%%
lemma kappa_tilde_pos:
  assumes "0 \<le> \<kappa>" "\<kappa> < 1"
  shows "0 < kappa_tilde TYPE('n::finite) \<kappa>"
proof -
  let ?U = "measure lebesgue (complex_polydisc 1 :: (complex ^ 'n) set)"
  have "0 < (1 - \<kappa>) * ?U"
    using assms measure_complex_polydisc_pos[OF zero_less_one, where 'n='n] by simp
  then obtain \<delta> where "0 < \<delta>" and \<delta>: "\<And>A :: (real ^ 'n) set. A \<in> sets lebesgue \<Longrightarrow> A \<subseteq> real_polyball 1
      \<Longrightarrow> measure lebesgue A < \<delta> \<Longrightarrow> measure lebesgue (complexification A) < (1 - \<kappa>) * ?U"
    using complexification_small_measure by blast
  have "\<delta> \<le> kappa_tilde TYPE('n) \<kappa>"
  proof (rule le_kappa_tilde)
    fix M :: "(real ^ 'n) set"
    assume M: "M \<subseteq> real_polyball 1" "M \<in> sets lebesgue" "measure lebesgue (complexification M) \<le> \<kappa> * ?U"
    show "\<delta> \<le> measure lebesgue (real_polyball 1 - M)"
    proof (rule ccontr)
      assume "\<not> ?thesis"
      then have "measure lebesgue (complexification (real_polyball 1 - M)) < (1 - \<kappa>) * ?U"
        using M(2) by (intro \<delta>) (auto simp: fmeasurableD sets.Diff)
      then show False
        using measure_complex_polydisc_le[OF M(1,2)] M(3) by (simp add: algebra_simps)
    qed
  qed (use assms in simp)
  with \<open>0 < \<delta>\<close> show ?thesis
    by simp
qed

lemma measure_complexification_ge_unit:
  fixes M :: "(real ^ 'n) set"
  assumes "\<kappa> < 1" and M: "M \<subseteq> real_polyball 1" "M \<in> sets lebesgue"
    and small: "measure lebesgue (real_polyball 1 - M) \<le> kappa_tilde TYPE('n) \<kappa>"
  shows "\<kappa> * measure lebesgue (complex_polydisc 1 :: (complex ^ 'n) set) \<le> measure lebesgue (complexification M)"
proof (rule ccontr)
  let ?U = "measure lebesgue (complex_polydisc 1 :: (complex ^ 'n) set)"
  define E where "E = real_polyball 1 - M"
  have E: "E \<in> sets lebesgue" "E \<subseteq> real_polyball 1"
    using M(2) by (auto simp: E_def fmeasurableD sets.Diff)
  assume "\<not> ?thesis"
  then have "0 < \<kappa> * ?U - measure lebesgue (complexification M)"
    by simp
  then obtain \<delta> where "0 < \<delta>" and \<delta>: "\<And>A :: (real ^ 'n) set. A \<in> sets lebesgue \<Longrightarrow> A \<subseteq> real_polyball 1
      \<Longrightarrow> measure lebesgue A < \<delta> \<Longrightarrow> measure lebesgue (complexification A) < \<kappa> * ?U - measure lebesgue (complexification M)"
    using complexification_small_measure by blast
  consider "measure lebesgue E = 0" | "0 < measure lebesgue E"
    using measure_nonneg[of lebesgue E] by linarith
  then show False
  proof cases
    case 1
    then have "measure lebesgue (complexification E) < \<kappa> * ?U - measure lebesgue (complexification M)"
      using \<delta> E \<open>0 < \<delta>\<close> by simp
    moreover have "\<kappa> * ?U < ?U"
      using measure_complex_polydisc_pos[OF zero_less_one, where 'n='n] \<open>\<kappa> < 1\<close> by simp
    ultimately show False
      using measure_complex_polydisc_le[OF M] by (simp add: E_def)
  next
    case 2
    moreover have "bounded E"
      using E(2) bounded_real_polyball bounded_subset by blast
    ultimately obtain A where A: "A \<subseteq> E" "A \<in> sets lebesgue" "0 < measure lebesgue A" "measure lebesgue A < \<delta>"
      using E(1) \<open>0 < \<delta>\<close> by (metis small_positive_measure_subset)
    have "A \<subseteq> real_polyball 1"
      using A(1) E(2) by blast
    have "measure lebesgue (complexification (M \<union> A))
        \<le> measure lebesgue (complexification M) + measure lebesgue (complexification A)"
      unfolding complexification_Un
      using M A(2) \<open>A \<subseteq> real_polyball 1\<close> by (intro measure_Un_le) (auto intro: lmeasurable_complexification)
    also have "\<dots> < \<kappa> * ?U"
      using \<delta>[OF A(2) \<open>A \<subseteq> real_polyball 1\<close> A(4)] by simp
    finally have "kappa_tilde TYPE('n) \<kappa> \<le> measure lebesgue (real_polyball 1 - (M \<union> A))"
      using M A(2) \<open>A \<subseteq> real_polyball 1\<close> by (intro kappa_tilde_le) auto
    also have "real_polyball 1 - (M \<union> A) = E - A"
      by (auto simp: E_def)
    also have "measure lebesgue (E - A) = measure lebesgue E - measure lebesgue A"
      using E A \<open>bounded E\<close> by (intro measurable_measure_Diff bounded_set_imp_lmeasurable)
    finally show False
      using small A(3) by (simp add: E_def)
  qed
qed
theorem mainTheorem6:
  fixes sX :: "complex \<Rightarrow> 'x::ab_group_add \<Rightarrow> 'x"
    and sY :: "complex \<Rightarrow> 'y::ab_group_add \<Rightarrow> 'y"
    and I :: "'i set" and P :: "'i \<Rightarrow> 'y \<Rightarrow> real"
    and \<Omega> :: "'x set" and f :: "'x \<Rightarrow> 'y" and p :: "'y \<Rightarrow> real" and c :: 'x
  assumes X: "Vector_Spaces.vector_space sX"
    and dimX: "\<exists>u v. u \<noteq> v \<and> \<not> module.dependent sX {u, v}"
    and Y: "lcs sY I P"
    and Y_Hausdorff: "Hausdorff_space (lcs_topology I P)"
    and Y_complete: "seq_complete_lcs I P"
    and Y_nontriv: "\<exists>y::'y. y \<noteq> 0"
    and \<Omega>_open: "two_open sX \<Omega>"
    and \<Omega>_conn: "polygonally_connected sX \<Omega>"
    and f_hol: "gateaux_holomorphic sX sY I P \<Omega> f"
    and p_seminorm: "seminorm_on sY p"
    and p_cont: "continuous_map (lcs_topology I P) euclideanreal p"
    and p_nonzero: "\<exists>y. p y \<noteq> 0"
    and c_in: "c \<in> \<Omega>"
    and c_locmax: "\<exists>U. one_open sX U \<and> c \<in> U \<and> (\<forall>x\<in>U \<inter> \<Omega>. p (f x) \<le> p (f c))"
  shows "(\<forall>x\<in>\<Omega>. p (f c) \<le> p (f x))
       \<and> (lcs_topology I P) interior_of ((lcs_topology I P) closure_of (f ` \<Omega>)) = {}
       \<and> (p (f c) > 0 \<longrightarrow> 0 \<notin> f ` \<Omega>)"
proof -
  obtain U where U: "one_open sX U" "c \<in> U" "\<forall>x\<in>U \<inter> \<Omega>. p (f x) \<le> p (f c)"
    using c_locmax by blast
  interpret seminorm_local_max sX sY I P \<Omega> f p c U
    using X Y \<Omega>_open \<Omega>_conn f_hol p_seminorm p_cont c_in U
    by (simp add: seminorm_local_max_def seminorm_local_max_axioms_def lcs_def)
  obtain d where "p d \<noteq> 0" using p_nonzero by blast
  have "p 0 = 0" by (rule seminorm_on_zero[OF Y.vector_space_axioms p_seminorm])
  then show ?thesis
    using local_max_is_global_min interior_of_closure_of_image_empty[OF \<open>p d \<noteq> 0\<close>] by fastforce
qed

end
%%
**What the exercise asks**: Go through the lines above. Select every one that has the string "assumes".

**Answer section**:
  assumes "0 \<le> \<kappa>" "\<kappa> < 1"
  assumes "\<kappa> < 1" and M: "M \<subseteq> real_polyball 1" "M \<in> sets lebesgue"
  assumes X: "Vector_Spaces.vector_space sX"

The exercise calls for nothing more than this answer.